AstraZeneca (LSE: AZN) chief executive Pascal Soriot was always pursuing a high-risk, high-growth strategy, everybody knew that. Betting the farm on producing a string of lucrative new drug treatments was going to rattle nerves at some point.

Astra’s weaker

Yesterday was that point, with Astra’s share price plunging 15% after the failure of its new Mystic drug, designed as a first-line alternative to chemotherapy in stage IV lung cancer. I have seen this described as the most anticipated pharmaceutical industry clinical experiment this year, and it has ended badly. We warned you about Soriot’s high stakes game enough times and I said it was a strategy well worth pursuing. What choice did he have?

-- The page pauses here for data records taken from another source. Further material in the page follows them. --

(* Let $N\ge2$, $2_\ast<p<2^\ast$, and $Q\in L^\infty(\mathbb{R}^N)$, $Q\not\equiv0$, nonnegative and $\mathbb{Z}^N$-periodic. Let $\mathcal{K}=\{v\in L^{p'}(\mathbb{R}^N): J'(v)=0\}$, and suppose that $\mathcal{K}$ consists of only finitely many orbits $\mathcal{O}(w)=\{w(\cdot-y):y\in\mathbb{Z}^N\}$. Then $$\kappa:=\inf\{\|v-w\|_{p'}: v,w\in\mathcal{K},\ v\neq w\}>0.$$
   Context: $2_\ast=\frac{2(N+1)}{N-1}$, $2^\ast=\frac{2N}{N-2}$ ($N\ge3$), $2^\ast=\infty$ ($N=2$), $p'=p/(p-1)$. $\mathbf{R}:L^{p'}(\mathbb{R}^N)\to L^p(\mathbb{R}^N)$ is the bounded extension of $f\mapsto \mathrm{Re}(\Phi)\ast f$, where $\Phi(x)=\frac{i}{4}(2\pi|x|)^{-\frac{N-2}{2}}H^{(1)}_{\frac{N-2}{2}}(|x|)$ is the outgoing fundamental solution of $-\Delta-1$. $\mathbf{K}v=Q^{1/p}\mathbf{R}(Q^{1/p}v)$ and $J(v)=\frac1{p'}\|v\|_{p'}^{p'}-\frac12\int v\,\mathbf{K}(v)\,dx$ on $L^{p'}(\mathbb{R}^N)$, a $C^1$ functional with $J'(v)w=\int(|v|^{p'-2}v-\mathbf{K}(v))w\,dx$. *)

theory Defs
  imports "HOL-Analysis.Analysis"
begin

definition memLp :: "real \<Rightarrow> (real^'n \<Rightarrow> real) \<Rightarrow> bool" where
  "memLp q f \<longleftrightarrow> f \<in> borel_measurable lebesgue \<and> integrable lebesgue (\<lambda>x. \<bar>f x\<bar> powr q)"

definition Lp_norm :: "real \<Rightarrow> (real^'n \<Rightarrow> real) \<Rightarrow> real" where
  "Lp_norm q f = (\<integral>x. \<bar>f x\<bar> powr q \<partial>lebesgue) powr (1 / q)"

definition conj_exp :: "real \<Rightarrow> real" where
  "conj_exp p = p / (p - 1)"

definition ae_eq :: "(real^'n \<Rightarrow> real) \<Rightarrow> (real^'n \<Rightarrow> real) \<Rightarrow> bool" where
  "ae_eq f g \<longleftrightarrow> (AE x in lebesgue. f x = g x)"

definition int_lattice :: "(real^'n) set" where
  "int_lattice = {y. \<forall>i. y $ i \<in> \<int>}"

definition ess_bounded :: "(real^'n \<Rightarrow> real) \<Rightarrow> bool" where
  "ess_bounded Q \<longleftrightarrow> Q \<in> borel_measurable lebesgue \<and> (\<exists>C. AE x in lebesgue. \<bar>Q x\<bar> \<le> C)"

definition lower_crit :: "nat \<Rightarrow> real" where
  "lower_crit N = 2 * (real N + 1) / (real N - 1)"

definition below_upper_crit :: "nat \<Rightarrow> real \<Rightarrow> bool" where
  "below_upper_crit N p \<longleftrightarrow> (N = 2 \<or> p < 2 * real N / (real N - 2))"

section \<open>Bessel and Hankel functions (integral representations, DLMF 10.9.6/10.9.7, x > 0)\<close>

definition besselJ :: "real \<Rightarrow> real \<Rightarrow> real" where
  "besselJ \<nu> x = (1/pi) * (LBINT \<theta>=0..pi. cos (x * sin \<theta> - \<nu> * \<theta>))
      - (sin (\<nu> * pi) / pi) * (LINT t:{0..}|lborel. exp (- x * sinh t - \<nu> * t))"

definition besselY :: "real \<Rightarrow> real \<Rightarrow> real" where
  "besselY \<nu> x = (1/pi) * (LBINT \<theta>=0..pi. sin (x * sin \<theta> - \<nu> * \<theta>))
      - (1/pi) * (LINT t:{0..}|lborel. (exp (\<nu> * t) + exp (- \<nu> * t) * cos (\<nu> * pi)) * exp (- x * sinh t))"

definition hankel1 :: "real \<Rightarrow> real \<Rightarrow> complex" where
  "hankel1 \<nu> x = Complex (besselJ \<nu> x) (besselY \<nu> x)"

text \<open>Outgoing fundamental solution of -Delta - 1 on R^N, N = CARD('n).\<close>
definition Phi :: "real^'n \<Rightarrow> complex" where
  "Phi x = (\<i> / 4) * of_real ((2 * pi * norm x) powr (- (real CARD('n) - 2) / 2))
            * hankel1 ((real CARD('n) - 2) / 2) (norm x)"

definition convolution :: "(real^'n \<Rightarrow> real) \<Rightarrow> (real^'n \<Rightarrow> real) \<Rightarrow> real^'n \<Rightarrow> real" where
  "convolution g f x = (\<integral>y. g (x - y) * f y \<partial>lebesgue)"

definition cont_compact_supp :: "(real^'n \<Rightarrow> real) \<Rightarrow> bool" where
  "cont_compact_supp f \<longleftrightarrow> continuous_on UNIV f \<and> bounded {x. f x \<noteq> 0}"

text \<open>R is (a representative of) the bounded linear extension L^{p'} -> L^p of
  f \<mapsto> Re(Phi) * f, initially defined on continuous compactly supported f.\<close>
definition is_R :: "real \<Rightarrow> ((real^'n \<Rightarrow> real) \<Rightarrow> (real^'n \<Rightarrow> real)) \<Rightarrow> bool" where
  "is_R p R \<longleftrightarrow>
     (\<forall>f. memLp (conj_exp p) f \<longrightarrow> memLp p (R f)) \<and>
     (\<forall>f g. memLp (conj_exp p) f \<longrightarrow> memLp (conj_exp p) g \<longrightarrow> ae_eq f g \<longrightarrow> ae_eq (R f) (R g)) \<and>
     (\<forall>f g a b. memLp (conj_exp p) f \<longrightarrow> memLp (conj_exp p) g \<longrightarrow>
         ae_eq (R (\<lambda>x. a * f x + b * g x)) (\<lambda>x. a * R f x + b * R g x)) \<and>
     (\<exists>C. \<forall>f. memLp (conj_exp p) f \<longrightarrow> Lp_norm p (R f) \<le> C * Lp_norm (conj_exp p) f) \<and>
     (\<forall>f. cont_compact_supp f \<longrightarrow> ae_eq (R f) (convolution (\<lambda>x. Re (Phi x)) f))"

definition K_op :: "real \<Rightarrow> (real^'n \<Rightarrow> real) \<Rightarrow> ((real^'n \<Rightarrow> real) \<Rightarrow> (real^'n \<Rightarrow> real))
                    \<Rightarrow> (real^'n \<Rightarrow> real) \<Rightarrow> (real^'n \<Rightarrow> real)" where
  "K_op p Q R v = (\<lambda>x. Q x powr (1/p) * R (\<lambda>y. Q y powr (1/p) * v y) x)"

definition J_deriv :: "real \<Rightarrow> (real^'n \<Rightarrow> real) \<Rightarrow> ((real^'n \<Rightarrow> real) \<Rightarrow> (real^'n \<Rightarrow> real))
                    \<Rightarrow> (real^'n \<Rightarrow> real) \<Rightarrow> (real^'n \<Rightarrow> real) \<Rightarrow> real" where
  "J_deriv p Q R v w = (\<integral>x. (\<bar>v x\<bar> powr (conj_exp p - 2) * v x - K_op p Q R v x) * w x \<partial>lebesgue)"
lemma run_pulls_etc_policy:
  assumes "0 < K" "K * m < T"
  shows "run_pulls K T (etc_policy K m) \<omega> = Some (explore_pulls m K @ replicate (T - K * m) (champion m \<omega> K))"
proof -
  have fuel: "T + K = T - K * m + (K - 0) * Suc m"
    using assms(2) by simp
  obtain st where st: "etc_exec K T m \<omega> (T + K) init_state =
      etc_exec K T m \<omega> (T - K * m) st" "exploring m \<omega> K 0 st"
    unfolding fuel using etc_exec_explore_all[OF exploring_start _ assms(2)] by blast
  obtain st' where "etc_exec K T m \<omega> (T - K * m) st = Some st'"
    "pulls st' = explore_pulls m K @ replicate (T - K * m) (champion m \<omega> K)"
    using etc_exec_commit[OF committed_of_exploring[OF assms(1) st(2)], of T "T - K * m"] assms(2)
    by auto
  with st(1) show ?thesis
    by (simp add: run_pulls_def)
qed

lemma valid_policy_etc_policy: "0 < K \<Longrightarrow> K * m < T \<Longrightarrow> valid_policy K T (etc_policy K m)"
  by (simp add: valid_policy_def run_pulls_etc_policy)

section \<open>Regret analysis\<close>

locale etc_run =
  fixes D :: "nat \<Rightarrow> real measure" and K T m :: nat
  assumes bandit: "bandit_instance D K"
    and arms_pos: "0 < K" and explore_pos: "0 < m" and explore_lt: "K * m < T"
begin

abbreviation rewards :: "(nat \<times> nat \<Rightarrow> real) measure" where
  "rewards \<equiv> reward_space D K T"

abbreviation mu :: "nat \<Rightarrow> real" where
  "mu i \<equiv> mean (D i)"

lemma arm_prob_space: "i < K \<Longrightarrow> prob_space (D i)"
  and arm_sets: "i < K \<Longrightarrow> sets (D i) = sets borel"
  and arm_bounded: "i < K \<Longrightarrow> AE x in D i. 0 \<le> x \<and> x \<le> 1"
  using bandit by (simp_all add: bandit_instance_def)

sublocale prob_space rewards
  unfolding reward_space_def by (rule prob_space_PiM) (auto intro: arm_prob_space)

lemma explore_le: "m \<le> T"
proof -
  have "m \<le> K * m"
    using arms_pos by simp
  with explore_lt show ?thesis
    by linarith
qed

lemma mean_bounds:
  assumes "i < K"
  shows "0 \<le> mu i" "mu i \<le> 1"
proof -
  interpret arm: prob_space "D i"
    by (rule arm_prob_space[OF assms])
  have "integrable (D i) (\<lambda>x. x)"
    using arm_bounded[OF assms]
    by (intro arm.integrable_const_bound[where B = 1])
      (auto simp: measurable_cong_sets[OF arm_sets[OF assms] refl])
  then show "0 \<le> mu i" "mu i \<le> 1"
    unfolding mean_def using arm_bounded[OF assms]
    by (auto intro!: arm.integral_ge_const arm.integral_le_const elim: eventually_mono)
qed

lemma mu_le_mu_star: "i < K \<Longrightarrow> mu i \<le> mu_star D K"
  unfolding mu_star_def by (intro Max_ge) auto

lemma best_arm:
  obtains i where "i < K" "mu i = mu_star D K"
proof -
  have "mu_star D K \<in> mu ` {..<K}"
    unfolding mu_star_def using arms_pos by (intro Max_in) auto
  then show thesis
    using that by auto
qed

lemma reward_measurable_arm:
  assumes "i < K" "j < T"
  shows "(\<lambda>\<omega>. \<omega> (i, j)) \<in> measurable rewards (D i)"
proof -
  have "(\<lambda>\<omega>. \<omega> (i, j)) \<in> measurable rewards (D (fst (i, j)))"
    unfolding reward_space_def by (rule measurable_component_singleton) (use assms in simp)
  then show ?thesis
    by simp
qed

lemma reward_measurable [measurable]:
  assumes "i < K" "j < T"
  shows "(\<lambda>\<omega>. \<omega> (i, j)) \<in> borel_measurable rewards"
  using reward_measurable_arm[OF assms] unfolding measurable_cong_sets[OF refl arm_sets[OF assms(1)]] .

lemma reward_integral:
  assumes "i < K" "j < T"
  shows "integrable rewards (\<lambda>\<omega>. \<omega> (i, j))" "(\<integral>\<omega>. \<omega> (i, j) \<partial>rewards) = mu i"
proof -
  have bounded: "AE \<omega> in rewards. 0 \<le> \<omega> (i, j) \<and> \<omega> (i, j) \<le> 1"
    unfolding reward_space_def
    by (rule AE_PiM_component[of _ _ "(i, j)"]) (use assms arm_bounded in \<open>auto intro: arm_prob_space\<close>)
  show "integrable rewards (\<lambda>\<omega>. \<omega> (i, j))"
  proof (rule integrable_const_bound[where B = 1])
    show "AE \<omega> in rewards. norm (\<omega> (i, j)) \<le> 1"
      using bounded by eventually_elim simp
    show "(\<lambda>\<omega>. \<omega> (i, j)) \<in> borel_measurable rewards"
      by (rule reward_measurable[OF assms])
  qed
  have "distr rewards (D (fst (i, j))) (\<lambda>\<omega>. \<omega> (i, j)) = D (fst (i, j))"
    unfolding reward_space_def by (rule distr_PiM_component) (use assms in \<open>auto intro: arm_prob_space\<close>)
  moreover have "(\<integral>x. x \<partial>distr rewards (D i) (\<lambda>\<omega>. \<omega> (i, j))) = (\<integral>\<omega>. \<omega> (i, j) \<partial>rewards)"
    by (rule integral_distr[OF reward_measurable_arm[OF assms] measurable_ident_sets[OF arm_sets[OF assms(1)]]])
  ultimately show "(\<integral>\<omega>. \<omega> (i, j) \<partial>rewards) = mu i"
    by (simp add: mean_def)
qed

definition arm_deviation :: "nat \<Rightarrow> (nat \<times> nat \<Rightarrow> real) \<Rightarrow> real" where
  "arm_deviation i \<omega> = arm_sum m \<omega> i / m - mu i"

lemma arm_deviation_integral:
  assumes "i < K"
  shows "integrable rewards (arm_deviation i)" "(\<integral>\<omega>. arm_deviation i \<omega> \<partial>rewards) = 0"
proof -
  have j: "j < m \<Longrightarrow> j < T" for j
    using explore_le by simp
  have "integrable rewards (\<lambda>\<omega>. arm_sum m \<omega> i)"
    unfolding arm_sum_def using reward_integral(1)[OF assms j] by auto
  then show "integrable rewards (arm_deviation i)"
    unfolding arm_deviation_def[abs_def] by auto
  have "(\<integral>\<omega>. arm_sum m \<omega> i \<partial>rewards) = m * mu i"
    unfolding arm_sum_def using reward_integral[OF assms j] by (subst Bochner_Integration.integral_sum) auto
  then show "(\<integral>\<omega>. arm_deviation i \<omega> \<partial>rewards) = 0"
    unfolding arm_deviation_def using \<open>integrable rewards (\<lambda>\<omega>. arm_sum m \<omega> i)\<close> explore_pos
    by (simp add: prob_space)
qed

lemma arm_deviation_mgf:
  assumes "i < K" "0 < l"
  shows "integrable rewards (\<lambda>\<omega>. exp (l * arm_deviation i \<omega>))"
    "(\<integral>\<omega>. exp (l * arm_deviation i \<omega>) \<partial>rewards) \<le> exp (l\<^sup>2 / (8 * m))"
proof -
  let ?J = "{i} \<times> {..<m}"
  have "?J = Pair i ` {..<m}"
    by auto
  then have sum_J: "(\<Sum>ij\<in>?J. g ij) = (\<Sum>j<m. g (i, j))" for g :: "nat \<times> nat \<Rightarrow> real"
    by (simp add: sum.reindex inj_on_def)
  have exponent: "l * arm_deviation i \<omega> = l / m * (\<Sum>ij\<in>?J. \<omega> ij - (\<integral>x. x \<partial>D (fst ij)))" for \<omega>
    using explore_pos by (simp add: sum_J arm_deviation_def arm_sum_def mean_def sum_subtractf field_simps)
  have "?J \<subseteq> {..<K} \<times> {..<T}"
    using assms(1) explore_le by auto
  note Hoeffding = Hoeffding_mgf_PiM_sum[OF _ this, of "\<lambda>ij. D (fst ij)" "l / m" 0 1]
  have arm_J: "fst ij < K" if "ij \<in> ?J" for ij
    using assms(1) that by auto
  have hyps: "finite ({..<K} \<times> {..<T})"
    "\<And>ij. ij \<in> {..<K} \<times> {..<T} \<Longrightarrow> prob_space (D (fst ij))" "0 < l / m"
    "\<And>ij. ij \<in> ?J \<Longrightarrow> sets (D (fst ij)) = sets borel"
    "\<And>ij. ij \<in> ?J \<Longrightarrow> AE x in D (fst ij). 0 \<le> x \<and> x \<le> 1"
    using assms(2) explore_pos arm_prob_space arm_sets[OF arm_J] arm_bounded[OF arm_J] by auto
  show "integrable rewards (\<lambda>\<omega>. exp (l * arm_deviation i \<omega>))"
    unfolding exponent reward_space_def by (rule Hoeffding(1)[OF hyps])
  have "(\<integral>\<omega>. exp (l * arm_deviation i \<omega>) \<partial>rewards) \<le> exp ((l / m)\<^sup>2 * (1 - 0)\<^sup>2 / 8) ^ card ?J"
    unfolding exponent reward_space_def by (rule Hoeffding(2)[OF hyps])
  also have "\<dots> = exp (l\<^sup>2 / (8 * m))"
    using explore_pos by (simp add: card_cartesian_product exp_of_nat_mult[symmetric] power2_eq_square)
  finally show "(\<integral>\<omega>. exp (l * arm_deviation i \<omega>) \<partial>rewards) \<le> exp (l\<^sup>2 / (8 * m))" .
qed

lemma arm_sum_measurable [measurable]:
  "i < K \<Longrightarrow> (\<lambda>\<omega>. arm_sum m \<omega> i) \<in> borel_measurable rewards"
  using explore_le unfolding arm_sum_def by (intro borel_measurable_sum reward_measurable) auto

When Soriot was appointed CEO in October 2012 he inherited a seriously troubled company. The drug pipeline was depleting, key brands had lost exclusivity, cash-strapped governments were cutting health spending, and both revenues and profits were down sharply. At the time, investors could buy it for less than eight times earnings, on a yield of more than 6%.

Crestor of a wave

AstraZeneca looks in better shape today, even after yesterday’s crash. Its share price has climbed from 2,971p to 4,325p since his appointment, a rise of more than 45%. It is currently valued at 13.12 time earnings. This is still a great income play, yielding 5.09%. However, there are clearly underlying problems.

Loss of exclusivity of Crestor and Seroquel XR in the US is hurting, and was largely responsible for the 11% fall in product sales to $9.78bn. This was in line with expectations and is of course why Soriot was so keen to build up a new generation of treatments to replenish the old guard.

Profits up

AstraZeneca is hardly a one-trick pony either. As Soriot pointed out yesterday, it continues to deliver “transformative science across the pipeline, particularly in Oncology”. There are successes: lung cancer pill Tagrisso has significantly improved progression-free survival.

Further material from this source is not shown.